◆ **TRY IT**: Repeat, please, only the lines from the top of the data down to the line with "using assms(2) by simp"; include both of those lines.

◆ **INFORMATION SHOWN**:
lemma pure_stateE:
  assumes "pure_state n \<sigma>"
  obtains \<psi> where "(\<Sum>i<n. \<psi> i * cnj (\<psi> i)) = 1" "\<forall>a<n. \<forall>b<n. \<sigma> a b = \<psi> a * cnj (\<psi> b)"
proof -
  obtain \<psi> where unit: "(\<Sum>i<n. (cmod (\<psi> i))\<^sup>2) = 1"
    and "\<forall>a<n. \<forall>b<n. \<sigma> a b = \<psi> a * cnj (\<psi> b)"
    using assms unfolding pure_state_def by blast
  moreover have "(\<Sum>i<n. \<psi> i * cnj (\<psi> i)) = of_real (\<Sum>i<n. (cmod (\<psi> i))\<^sup>2)"
    unfolding of_real_sum complex_norm_square ..
  ultimately show ?thesis
    using that by simp
qed

theorem proposition3:
  fixes n m :: nat and \<rho> :: top
  assumes "n \<ge> 2" and "m \<ge> 2"
    and "density_op n m \<rho>"
    and "RSC n m \<rho>"
    and "\<forall>k<m. pure_state n (reduced n m \<rho> k)"
  shows "SSC n m \<rho>"
proof -
  have herm: "\<forall>f\<in>tidx n m. \<forall>g\<in>tidx n m. \<rho> g f = cnj (\<rho> f g)"
    and psd: "\<forall>v. 0 \<le> Re (qform (tidx n m) \<rho> v)"
    using assms(3) unfolding density_op_def qform_def by blast+
  have "0 < m"
    using assms(2) by simp
  with assms(5) have "pure_state n (reduced n m \<rho> 0)"
    by blast
  then obtain \<psi> where unit: "(\<Sum>i<n. \<psi> i * cnj (\<psi> i)) = 1"
    and red0: "\<forall>a<n. \<forall>b<n. reduced n m \<rho> 0 a b = \<psi> a * cnj (\<psi> b)"
    by (rule pure_stateE)
  have red: "\<forall>a<n. \<forall>b<n. reduced n m \<rho> k a b = \<psi> a * cnj (\<psi> b)" if "k < m" for k
    using red0 assms(4) that \<open>0 < m\<close> unfolding RSC_def by metis
  have col: "\<forall>k<m. \<forall>f\<in>tidx n m. \<forall>g\<in>tidx n m.
               \<rho> f g = (\<Sum>a<n. \<rho> f (g(k := a)) * \<psi> a) * cnj (\<psi> (g k))"
    using column_identity_of_pure_reduced[OF _ herm psd red unit] by blast
  obtain b where "b < n" "\<psi> b \<noteq> 0"
    using unit by (rule unit_vector_nonzero_entry)
  then obtain K where "\<forall>f\<in>tidx n m. \<forall>g\<in>tidx n m.
                         \<rho> f g = K * tensor_power \<psi> m f * cnj (tensor_power \<psi> m g)"
    by (rule column_identities_imp_outer_product[OF herm col])
  then show ?thesis
    by (rule outer_tensor_power_imp_SSC)
qed

end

◆ **ANSWER SECTION**:
lemma pure_stateE:
  assumes "pure_state n \<sigma>"
  obtains \<psi> where "(\<Sum>i<n. \<psi> i * cnj (\<psi> i)) = 1" "\<forall>a<n. \<forall>b<n. \<sigma> a b = \<psi> a * cnj (\<psi> b)"
proof -
  obtain \<psi> where unit: "(\<Sum>i<n. (cmod (\<psi> i))\<^sup>2) = 1"
    and "\<forall>a<n. \<forall>b<n. \<sigma> a b = \<psi> a * cnj (\<psi> b)"
    using assms unfolding pure_state_def by blast
  moreover have "(\<Sum>i<n. \<psi> i * cnj (\<psi> i)) = of_real (\<Sum>i<n. (cmod (\<psi> i))\<^sup>2)"
    unfolding of_real_sum complex_norm_square ..
  ultimately show ?thesis
    using that by simp
qed

theorem proposition3:
  fixes n m :: nat and \<rho> :: top
  assumes "n \<ge> 2" and "m \<ge> 2"
    and "density_op n m \<rho>"
    and "RSC n m \<rho>"
    and "\<forall>k<m. pure_state n (reduced n m \<rho> k)"
  shows "SSC n m \<rho>"
proof -
  have herm: "\<forall>f\<in>tidx n m. \<forall>g\<in>tidx n m. \<rho> g f = cnj (\<rho> f g)"
    and psd: "\<forall>v. 0 \<le> Re (qform (tidx n m) \<rho> v)"
    using assms(3) unfolding density_op_def qform_def by blast+
  have "0 < m"
    using assms(2) by simp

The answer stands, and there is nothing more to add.